theorem theorem2:
  fixes \<gamma> L :: real and n :: nat
  assumes "0 < \<gamma>" and "\<gamma> \<le> L" and "n \<ge> 1"
  shows "\<exists>(Z :: (real \<times> real) set) (P :: (real \<times> real) pmf)
            (loss :: real \<Rightarrow> real \<Rightarrow> real)
            (A :: (nat \<Rightarrow> real \<times> real) \<Rightarrow> real \<Rightarrow> real).
           set_pmf P \<subseteq> Z \<and>
           (\<forall>a b. 0 \<le> loss a b \<and> loss a b \<le> L) \<and>
           uniformly_stable loss Z n A \<gamma> \<and>
           measure_pmf.prob (iid_sample n P)
             {S. pop_risk loss P (A S) - emp_risk loss n S (A S)
                   \<ge> \<gamma> / 4 + L / (32 * sqrt (real n))} \<ge> 3 / 64"
proof -
  let ?P = "coin_labelled_pmf (4*n)"
  let ?count = "\<lambda>S. card {i\<in>{..<n}. snd (S i) = 1}"
  have "3/64 \<le> measure_pmf.prob (binomial_pmf n (1/2)) {k. real k \<le> real n / 2 - sqrt (real n) / 32}"
    using assms by (intro binomial_half_lower_tail_ge_3_64)
  also have "binomial_pmf n (1/2) = map_pmf ?count (iid_sample n ?P)"
    by (rule map_pmf_count_iid_sample[OF map_pmf_label_coin_labelled, symmetric]) simp_all
  also have "measure_pmf.prob \<dots> {k. real k \<le> real n / 2 - sqrt (real n) / 32}
      = measure_pmf.prob (iid_sample n ?P) {S. real (?count S) \<le> real n / 2 - sqrt (real n) / 32}"
    by (simp add: vimage_def)
  also have "\<dots> \<le> measure_pmf.prob (iid_sample n ?P)
      {S. pop_risk (split_loss \<gamma> L) ?P (memorizer n S) - emp_risk (split_loss \<gamma> L) n S (memorizer n S)
            \<ge> \<gamma> / 4 + L / (32 * sqrt (real n))}"
    using assms by (intro measure_pmf.finite_measure_mono) (auto intro: risk_gap_memorizer_ge)
  finally show ?thesis
    using assms split_loss_bounds uniformly_stable_memorizer
    by (intro exI[of _ UNIV] exI[of _ ?P] exI[of _ "split_loss \<gamma> L"] exI[of _ "memorizer n"]) auto
qed

end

....................

The task ->
Go through the records above, find each line with the string "also", and copy it.

Solution ->
  also have "binomial_pmf n (1/2) = map_pmf ?count (iid_sample n ?P)"
  also have "measure_pmf.prob \<dots> {k. real k \<le> real n / 2 - sqrt (real n) / 32}
  also have "\<dots> \<le> measure_pmf.prob (iid_sample n ?P)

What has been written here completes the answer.